Monday, November 02, 2009
(My guess is that all Packers fans are this retarded. I'm absolutely shocked that all the words are spelled right though.)
As I mentioned on Friday, I was in attendance for The Wig Master's wedding this past weekend. I was a bit nervous though as game 3 of the World Series was on during the reception and there was no way that I could just ignore it and hope for the best. Have no fear, bitchcakes. The bathroom at the hall was equipped with a TV. Fuck. Yes. After greasing the palm of the bathroom attendant kid with a few Washington's, it was on lock that the baseball game would be shown.

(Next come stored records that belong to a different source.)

(* Let $1\leq\alpha,\beta<\omega$, let $P$ be a poset and $n\in\omega$. Then $P\models\psi_{\alpha\beta n}$ if and only if for all $p,q\in P$ with $p\not\leq q$, $\exists$ has an $n$-strategy for the $(\alpha+1,\beta+1)$-game with starting position $(\{p\},\{q\})$.
   Context: Work in the first-order signature with one binary relation $\leq$; write $\vec{x}_k=(x_1,\ldots,x_k)$. For $1\leq k<\omega$: $J_k(\vec{x}_k,y)$ holds under assignment $v$ iff $v(y)$ is the join of $\{v(x_1),\ldots,v(x_k)\}$, $M_k(\vec{x}_k,y)$ iff $v(y)$ is their meet; $C_k(\vec{x}_k,y)=\bigvee_{i=1}^k(y=x_i)$, $D_k=\neg C_k$; $C_{km}(\vec{x}_k,\vec{y}_m)$ holds iff $\{v(y_j)\}\subseteq\{v(x_i)\}$. Let $\sigma_k(\vec{x}_k,c)=\exists z(C_k(\vec{x}_k,z)\wedge z\leq c)$, $\tau_{kr}(\vec{x}_k,\vec{a}_r,c)=C_{kr}(\vec{x}_k,\vec{a}_r)\wedge M_r(\vec{a}_r,c)$, $\rho_{ks}(\vec{x}_k,\vec{b}_s)=\exists z(C_k(\vec{x}_k,z)\wedge J_s(\vec{b}_s,z))$. Define $\phi_{krs0}(\vec{x}_k,y)=D_k(\vec{x}_k,y)$ and $\phi_{krs(n+1)}(\vec{x}_k,y)=\forall\vec{a}_r\forall\vec{b}_s\forall c\Big(\big(\sigma_k(\vec{x}_k,c)\to\phi_{(k+1)rsn}(\vec{x}_k,c,y)\big)\wedge\big(\tau_{kr}(\vec{x}_k,\vec{a}_r,c)\to\phi_{(k+1)rsn}(\vec{x}_k,c,y)\big)\wedge\big(\rho_{ks}(\vec{x}_k,\vec{b}_s)\to\bigvee_{i=1}^s\phi_{(k+1)rsn}(\vec{x}_k,b_i,y)\big)\Big)$, and $\psi_{rsn}=\forall x\forall y(\neg(x\leq y)\to\phi_{1rsn}(x,y))$. The $(\alpha,\beta)$-game on $P$ with starting position $(U_0,V)$ is played between $\forall$ and $\exists$ in rounds $0,1,2,\ldots$ with a set $U$, initially $U_0$, and $V$ fixed. Each round $\forall$ moves and $\exists$ responds: (1) if $b\geq a$ for some $a\in U$, $\forall$ may play $(b)$ and $\exists$ must add $b$ to $U$; (2) if $A\subseteq U$ with $|A|<\alpha$ and $\bigwedge A$ exists, $\forall$ may play $A$ and $\exists$ must add $\bigwedge A$; (3) if $B\subseteq P$ with $|B|<\beta$ and $\bigvee B$ exists and lies in $U$, $\forall$ may play $B$ and $\exists$ must choose some $b\in B$ and add it to $U$. $\forall$ wins in round $n$ if $U\cap V\neq\emptyset$ at the beginning of round $n$; $\exists$ has an $n$-strategy if she can guarantee that $\forall$ does not win until at least round $n+1$. *)

theory Defs
  imports Main
begin

text \<open>Posets are modelled by the type class order: the poset P is the universe of
the type 'a with its order. Tuples \<open>x_1..x_k\<close> are lists.\<close>

definition is_join :: "'a::order set \<Rightarrow> 'a \<Rightarrow> bool" where
  "is_join S y \<longleftrightarrow> (\<forall>x\<in>S. x \<le> y) \<and> (\<forall>z. (\<forall>x\<in>S. x \<le> z) \<longrightarrow> y \<le> z)"

definition is_meet :: "'a::order set \<Rightarrow> 'a \<Rightarrow> bool" where
  "is_meet S y \<longleftrightarrow> (\<forall>x\<in>S. y \<le> x) \<and> (\<forall>z. (\<forall>x\<in>S. z \<le> x) \<longrightarrow> z \<le> y)"

definition J_f :: "'a::order list \<Rightarrow> 'a \<Rightarrow> bool" where
  "J_f xs y \<longleftrightarrow> is_join (set xs) y"

definition M_f :: "'a::order list \<Rightarrow> 'a \<Rightarrow> bool" where
  "M_f xs y \<longleftrightarrow> is_meet (set xs) y"

definition C_f :: "'a list \<Rightarrow> 'a \<Rightarrow> bool" where
  "C_f xs y \<longleftrightarrow> (\<exists>i<length xs. y = xs ! i)"

definition D_f :: "'a list \<Rightarrow> 'a \<Rightarrow> bool" where
  "D_f xs y \<longleftrightarrow> \<not> C_f xs y"

definition C2_f :: "'a list \<Rightarrow> 'a list \<Rightarrow> bool" where
  "C2_f xs ys \<longleftrightarrow> set ys \<subseteq> set xs"

definition sigma_f :: "'a::order list \<Rightarrow> 'a \<Rightarrow> bool" where
  "sigma_f xs c \<longleftrightarrow> (\<exists>z. C_f xs z \<and> z \<le> c)"

definition tau_f :: "'a::order list \<Rightarrow> 'a list \<Rightarrow> 'a \<Rightarrow> bool" where
  "tau_f xs as c \<longleftrightarrow> C2_f xs as \<and> M_f as c"

definition rho_f :: "'a::order list \<Rightarrow> 'a list \<Rightarrow> bool" where
  "rho_f xs bs \<longleftrightarrow> (\<exists>z. C_f xs z \<and> J_f bs z)"

text \<open>\<open>phi r s n xs y\<close> is the truth value of \<open>\<phi>_{k r s n}(x_1..x_k, y)\<close> with k = length xs.\<close>

fun phi :: "nat \<Rightarrow> nat \<Rightarrow> nat \<Rightarrow> 'a::order list \<Rightarrow> 'a \<Rightarrow> bool" where
  "phi r s 0 xs y = D_f xs y"
| "phi r s (Suc n) xs y =
     (\<forall>as bs c. length as = r \<and> length bs = s \<longrightarrow>
        (sigma_f xs c \<longrightarrow> phi r s n (xs @ [c]) y) \<and>
        (tau_f xs as c \<longrightarrow> phi r s n (xs @ [c]) y) \<and>
        (rho_f xs bs \<longrightarrow> (\<exists>i<s. phi r s n (xs @ [bs ! i]) y)))"

definition psi :: "nat \<Rightarrow> nat \<Rightarrow> nat \<Rightarrow> 'a::order itself \<Rightarrow> bool" where
  "psi r s n (_ :: 'a itself) \<longleftrightarrow> (\<forall>x y :: 'a. \<not> x \<le> y \<longrightarrow> phi r s n [x] y)"

text \<open>The (alpha,beta)-game: possible responses of \<exists> to a move of \<forall>.
  \<open>estrat \<alpha> \<beta> n U V\<close>: \<exists> has an n-strategy from position (U,V), i.e. she can
  guarantee that U \<inter> V = {} at the beginning of rounds 0..n. If she has no legal
  response to a move, she has no strategy.\<close>

fun estrat :: "nat \<Rightarrow> nat \<Rightarrow> nat \<Rightarrow> 'a::order set \<Rightarrow> 'a set \<Rightarrow> bool" where
  "estrat \<alpha> \<beta> 0 U V = (U \<inter> V = {})"
| "estrat \<alpha> \<beta> (Suc n) U V =
     (U \<inter> V = {} \<and>
      (\<forall>b. (\<exists>a\<in>U. a \<le> b) \<longrightarrow> estrat \<alpha> \<beta> n (insert b U) V) \<and>
      (\<forall>A m. A \<subseteq> U \<and> finite A \<and> card A < \<alpha> \<and> is_meet A m \<longrightarrow>
             estrat \<alpha> \<beta> n (insert m U) V) \<and>
      (\<forall>B j. finite B \<and> card B < \<beta> \<and> is_join B j \<and> j \<in> U \<longrightarrow>
             (\<exists>b\<in>B. estrat \<alpha> \<beta> n (insert b U) V)))"

end

theory Submission
  imports Defs
begin

text \<open>By induction on \<open>n\<close>, for every nonempty tuple \<open>xs\<close>, \<open>\<phi>_{k r s n}(xs, y)\<close> holds iff
  \<open>\<exists>\<close> has an \<open>n\<close>-strategy from \<open>(set xs, {y})\<close> in the \<open>(r+1, s+1)\<close>-game: the three
  conjuncts of \<open>\<phi>\<close> are exactly the three kinds of moves of \<open>\<forall>\<close>, with \<open>\<sigma>\<close>, \<open>\<tau>\<close>, \<open>\<rho>\<close>
  describing when they are legal. Tuples of length \<open>r\<close> range over the nonempty sets of
  size at most \<open>r\<close>; the moves with an empty set of elements are redundant, since the top
  element lies above any element of \<open>U\<close>, and a bottom element in \<open>U\<close> lets \<open>\<forall>\<close> win at once
  by playing \<open>y\<close>.\<close>

lemma C_f_iff_in_set: "C_f xs y \<longleftrightarrow> y \<in> set xs"
  by (auto simp: C_f_def in_set_conv_nth)

lemma ex_list_length_set_iff:
  "(\<exists>l. length l = k \<and> set l = A) \<longleftrightarrow> finite A \<and> card A \<le> k \<and> (A = {} \<longrightarrow> k = 0)"
proof
  assume "\<exists>l. length l = k \<and> set l = A"
  then show "finite A \<and> card A \<le> k \<and> (A = {} \<longrightarrow> k = 0)"
    using card_length by auto
next
  assume A: "finite A \<and> card A \<le> k \<and> (A = {} \<longrightarrow> k = 0)"
  then obtain l where l: "set l = A" "distinct l"
    using finite_distinct_list by blast
  then have "length l = card A"
    by (metis distinct_card)
  then have "length (l @ replicate (k - length l) (hd l)) = k
      \<and> set (l @ replicate (k - length l) (hd l)) = A"
    using A l by (cases l) auto
  then show "\<exists>l. length l = k \<and> set l = A" ..
qed

lemma all_lists_length_iff_all_sets:
  assumes "1 \<le> k"
  shows "(\<forall>l. length l = k \<longrightarrow> P (set l)) \<longleftrightarrow>
         (\<forall>A. A \<noteq> {} \<and> finite A \<and> card A \<le> k \<longrightarrow> P A)"
  using ex_list_length_set_iff[of k] assms by (metis not_one_le_zero)

lemma phi_imp_notin: "phi r s n xs y \<Longrightarrow> y \<notin> set xs"
proof (induction n arbitrary: xs)
  case 0
  then show ?case by (simp add: D_f_def C_f_iff_in_set)
next
  case (Suc n)
  show ?case
  proof
    assume "y \<in> set xs"
    then have "sigma_f xs y"
      by (auto simp: sigma_f_def C_f_iff_in_set)
    then have "phi r s n (xs @ [y]) y"
      using Suc.prems by (fastforce dest: spec[of _ "replicate r y"] spec[of _ "replicate s y"])
    then show False
      using Suc.IH[of "xs @ [y]"] by simp
  qed
qed

lemma phi_Suc_iff_moves:
  assumes "1 \<le> r" and "1 \<le> s"
  shows "phi r s (Suc n) xs y \<longleftrightarrow>
    (\<forall>c. (\<exists>a\<in>set xs. a \<le> c) \<longrightarrow> phi r s n (xs @ [c]) y) \<and>
    (\<forall>A c. A \<noteq> {} \<and> finite A \<and> card A \<le> r \<and> A \<subseteq> set xs \<and> is_meet A c \<longrightarrow>
       phi r s n (xs @ [c]) y) \<and>
    (\<forall>B j. B \<noteq> {} \<and> finite B \<and> card B \<le> s \<and> is_join B j \<and> j \<in> set xs \<longrightarrow>
       (\<exists>b\<in>B. phi r s n (xs @ [b]) y))"
proof -
  have lists_exist: "\<exists>l. length l = k" for k :: nat
    by (metis length_replicate)
  have pick_nth: "(\<exists>i<s. phi r s n (xs @ [bs ! i]) y) \<longleftrightarrow> (\<exists>b\<in>set bs. phi r s n (xs @ [b]) y)"
    if "length bs = s" for bs
    using that by (force simp: in_set_conv_nth)
  have "phi r s (Suc n) xs y \<longleftrightarrow>
    (\<forall>c. sigma_f xs c \<longrightarrow> phi r s n (xs @ [c]) y) \<and>
    (\<forall>as. length as = r \<longrightarrow> (\<forall>c. tau_f xs as c \<longrightarrow> phi r s n (xs @ [c]) y)) \<and>
    (\<forall>bs. length bs = s \<longrightarrow> rho_f xs bs \<longrightarrow> (\<exists>i<s. phi r s n (xs @ [bs ! i]) y))"
    using lists_exist[of r] lists_exist[of s] by auto
  moreover have "(\<forall>c. sigma_f xs c \<longrightarrow> phi r s n (xs @ [c]) y) \<longleftrightarrow>
    (\<forall>c. (\<exists>a\<in>set xs. a \<le> c) \<longrightarrow> phi r s n (xs @ [c]) y)"
    by (auto simp: sigma_f_def C_f_iff_in_set)
  moreover have "(\<forall>as. length as = r \<longrightarrow> (\<forall>c. tau_f xs as c \<longrightarrow> phi r s n (xs @ [c]) y)) \<longleftrightarrow>
    (\<forall>A c. A \<noteq> {} \<and> finite A \<and> card A \<le> r \<and> A \<subseteq> set xs \<and> is_meet A c \<longrightarrow>
       phi r s n (xs @ [c]) y)"
    using all_lists_length_iff_all_sets[OF assms(1),
        where P = "\<lambda>A. \<forall>c. A \<subseteq> set xs \<and> is_meet A c \<longrightarrow> phi r s n (xs @ [c]) y"]
    by (simp add: tau_f_def C2_f_def M_f_def) blast
  moreover have "(\<forall>bs. length bs = s \<longrightarrow> rho_f xs bs \<longrightarrow> (\<exists>i<s. phi r s n (xs @ [bs ! i]) y)) \<longleftrightarrow>
    (\<forall>B j. B \<noteq> {} \<and> finite B \<and> card B \<le> s \<and> is_join B j \<and> j \<in> set xs \<longrightarrow>
       (\<exists>b\<in>B. phi r s n (xs @ [b]) y))"
    using all_lists_length_iff_all_sets[OF assms(2),
        where P = "\<lambda>B. \<forall>j. is_join B j \<and> j \<in> set xs \<longrightarrow> (\<exists>b\<in>B. phi r s n (xs @ [b]) y)"]
    by (simp add: rho_f_def J_f_def C_f_iff_in_set pick_nth) blast
  ultimately show ?thesis
    by simp
qed

lemma estrat_imp_disjoint: "estrat \<alpha> \<beta> n U V \<Longrightarrow> U \<inter> V = {}"
  by (cases n) auto

lemma estrat_Suc_iff_nonempty_moves:
  assumes "U \<noteq> {}" and "V \<noteq> {}"
  shows "estrat \<alpha> \<beta> (Suc n) U V \<longleftrightarrow>
    U \<inter> V = {} \<and>
    (\<forall>b. (\<exists>a\<in>U. a \<le> b) \<longrightarrow> estrat \<alpha> \<beta> n (insert b U) V) \<and>
    (\<forall>A m. A \<noteq> {} \<and> finite A \<and> card A < \<alpha> \<and> A \<subseteq> U \<and> is_meet A m \<longrightarrow>
       estrat \<alpha> \<beta> n (insert m U) V) \<and>
    (\<forall>B j. B \<noteq> {} \<and> finite B \<and> card B < \<beta> \<and> is_join B j \<and> j \<in> U \<longrightarrow>
       (\<exists>b\<in>B. estrat \<alpha> \<beta> n (insert b U) V))"
    (is "_ \<longleftrightarrow> _ \<and> ?up \<and> _ \<and> _")
proof -
  have empty_meet_move: "estrat \<alpha> \<beta> n (insert m U) V" if ?up "is_meet {} m" for m
  proof -
    obtain a where "a \<in> U" using assms(1) by blast
    with that show ?thesis by (auto simp: is_meet_def)
  qed
  have no_bottom_in_U: "j \<notin> U" if ?up "is_join {} j" for j
  proof
    assume "j \<in> U"
    obtain v where "v \<in> V" using assms(2) by blast
    with that \<open>j \<in> U\<close> have "estrat \<alpha> \<beta> n (insert v U) V"
      by (auto simp: is_join_def)
    with \<open>v \<in> V\<close> show False
      using estrat_imp_disjoint by blast
  qed
  have meet_moves: "(\<forall>A m. A \<subseteq> U \<and> finite A \<and> card A < \<alpha> \<and> is_meet A m \<longrightarrow>
       estrat \<alpha> \<beta> n (insert m U) V) \<longleftrightarrow>
    (\<forall>A m. A \<noteq> {} \<and> finite A \<and> card A < \<alpha> \<and> A \<subseteq> U \<and> is_meet A m \<longrightarrow>
       estrat \<alpha> \<beta> n (insert m U) V)" if ?up
    using empty_meet_move[OF that] by metis
  have join_moves: "(\<forall>B j. finite B \<and> card B < \<beta> \<and> is_join B j \<and> j \<in> U \<longrightarrow>
       (\<exists>b\<in>B. estrat \<alpha> \<beta> n (insert b U) V)) \<longleftrightarrow>
    (\<forall>B j. B \<noteq> {} \<and> finite B \<and> card B < \<beta> \<and> is_join B j \<and> j \<in> U \<longrightarrow>
       (\<exists>b\<in>B. estrat \<alpha> \<beta> n (insert b U) V))" if ?up
    using no_bottom_in_U[OF that] by metis
  show ?thesis
    by (simp only: estrat.simps meet_moves join_moves cong: conj_cong)
qed

lemma phi_iff_estrat:
  assumes "1 \<le> r" and "1 \<le> s" and "xs \<noteq> []"
  shows "phi r s n xs y \<longleftrightarrow> estrat (r + 1) (s + 1) n (set xs) {y}"
  using assms(3)
proof (induction n arbitrary: xs)
  case 0
  then show ?case by (simp add: D_f_def C_f_iff_in_set)
next
  case (Suc n)
  have IH: "phi r s n (xs @ [c]) y \<longleftrightarrow> estrat (r + 1) (s + 1) n (insert c (set xs)) {y}" for c
    using Suc.IH[of "xs @ [c]"] by simp
  have "set xs \<noteq> {}"
    using Suc.prems by simp
  note game_moves = estrat_Suc_iff_nonempty_moves[OF this insert_not_empty]
  have "phi r s (Suc n) xs y \<longleftrightarrow> set xs \<inter> {y} = {} \<and> phi r s (Suc n) xs y"
    using phi_imp_notin by blast
  also have "\<dots> \<longleftrightarrow> estrat (r + 1) (s + 1) (Suc n) (set xs) {y}"
    unfolding phi_Suc_iff_moves[OF assms(1,2)] game_moves IH
    by (simp only: Suc_eq_plus1[symmetric] less_Suc_eq_le)
  finally show ?case .
qed

theorem proposition5p4:
  fixes \<alpha> \<beta> n :: nat
  assumes "1 \<le> \<alpha>" and "1 \<le> \<beta>"
  shows "psi \<alpha> \<beta> n TYPE('a::order) \<longleftrightarrow>
         (\<forall>p q :: 'a. \<not> p \<le> q \<longrightarrow> estrat (\<alpha> + 1) (\<beta> + 1) n {p} {q})"
  unfolding psi_def by (simp add: phi_iff_estrat[OF assms])

end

So here I am, rotating between the bar, checking in on the wife, and hanging out in the shitter watching baseball. It was outstanding. I could not have been happier. Hell, commenter Lange and myself even agreed in principle on a fantasy football trade while other men were holding their dicks (which is now off, bud, I can't exchange CJ for Portis no matter what else I'm getting). Fucking beautiful. How do you make drunk wedding fun even better? Put a TV in the shitter, bitch.
Thankfully, the Redskins had the week off to fix their millions of problems (banning fan signs as an issue of public safety...well done, Danny Boy). But, dammit, the Rams and Titans actually won. And that pisses me right off. Now our only hope for the perfect season lies in the craptastic arms of the Bucs. Fuck. I was really hoping that the Rams would run the slate. Oh well, on with the worst:
5. Rex Ryan - I'm really starting to enjoy this fucking lardmouth getting karma shoved up his ass. What kind of fuck-up let's Ted Ginn beat him? TWICE. I really do hate the Jets. Whether it be Ryan acting like a buffoon on the sideline or Sanchise eating a dick on the bench or those awful NY Titans uni's that they keep wearing, this team is a big box of poo. And I wish the worst for them.
4. Eli Manning - What the fuck, retard? He's back to his old terrible ways again where he can't throw in the cold. Remember when douchebags like Peter King were calling Eli an MVP candidate? Yeah, the Giants don't even look like a playoff team now. You can throw on them at will. Brandon Jacobs blows nutsack. It's great. Oh, and the Eagles still aren't a title contender either. They aren't beating the Saints or Vikes.
3. Derek Anderson - Enough is enough already...this guy can not play football. Not just in the NFL either. He should be banned from throwing passes anywhere. Even to his kid (who is likely too ashamed to have a catch with his old man anyway). He is that bad. And I'm not one of those fags who thinks that Quinn should go in either. Because I don't...because he is worse. I didn't even think it was possible to complete 12% of your passes over the course of a month. Just an awful player on an awful team run by awful football people. Send these losers to LA already and start over again in 8 years. They should hire Two-A-Days coach, Rush Propst to run this team. Yes, that was an awesome reference.
2. Kurt Warner - I don't get the Cardinals. They look like studs against the Giants and some other team that escapes my memory and then lose to a Jake Delhomme-led squadron yesterday. What the fuck? Oh, you're saying that Warner turned the ball over five times because he is an old man that sucks? I see now. Not even the Redskins lost to the Panthers by double digits. Ugh. Anquan Boldin, you sir are a fucking bitch. That is all.
1. Wisconsin - Fuck all of you people. Every single one of you. That should have been a united front of hatred outside of Lamb-balls Field. There should have twenty flaming Favre effigies per parking lot. Instead, half of you supported this asshole. YOU CHEERED FOR THE QB OF YOUR GODDAMN DIVISION RIVAL!!! What do you expect from people who consider bratwurst to be a healthy snack. I fucking hate when fans do this shit. Brett Favre hasn't played for the Packers in two fucking years. It's over. Get over it. And he stuck it up your fucking asses yesterday and you took it all and smiled. Fans root for the jerseys. You don't attach your allegiance to players. It's no wonder that everyone hates Packer fans (might not be true but probably is). They are too stupid to realize that pro athletes are greedy and selfish fucks who do not give a shit about the fans that support them. And will Aaron Rodgers please stop pissing down his bloomers in big games? When was the last time that this bitch actually played well in a spotlight game? He sucked again while Favre made him look like a bitch (again). You know, maybe the Packers just suck. Maybe they are one of those teams that will never beat a good team but will beat the shitty ones. Are they the Houston Texans of the NFC and will sport an 8-8 record every year? Coach Humpty Dumpty needs to pull the marker out of his hat and shove it up his dickhole already. He is terrible.
Damn, I hate Brett Favre. But even that cockfart couldn't break my spirit today. FUCK YOU IN YOUR PENGUIN ASS, MR. ACE!!! The EPIC win on Saturday evening by the Miami RedHawks over the Toledo Buttsex was a long time coming. 1-8 and the yearlong losing streak is FINALLY OVER. Best team ever? Best team ever. Definitely the best team in Ohio.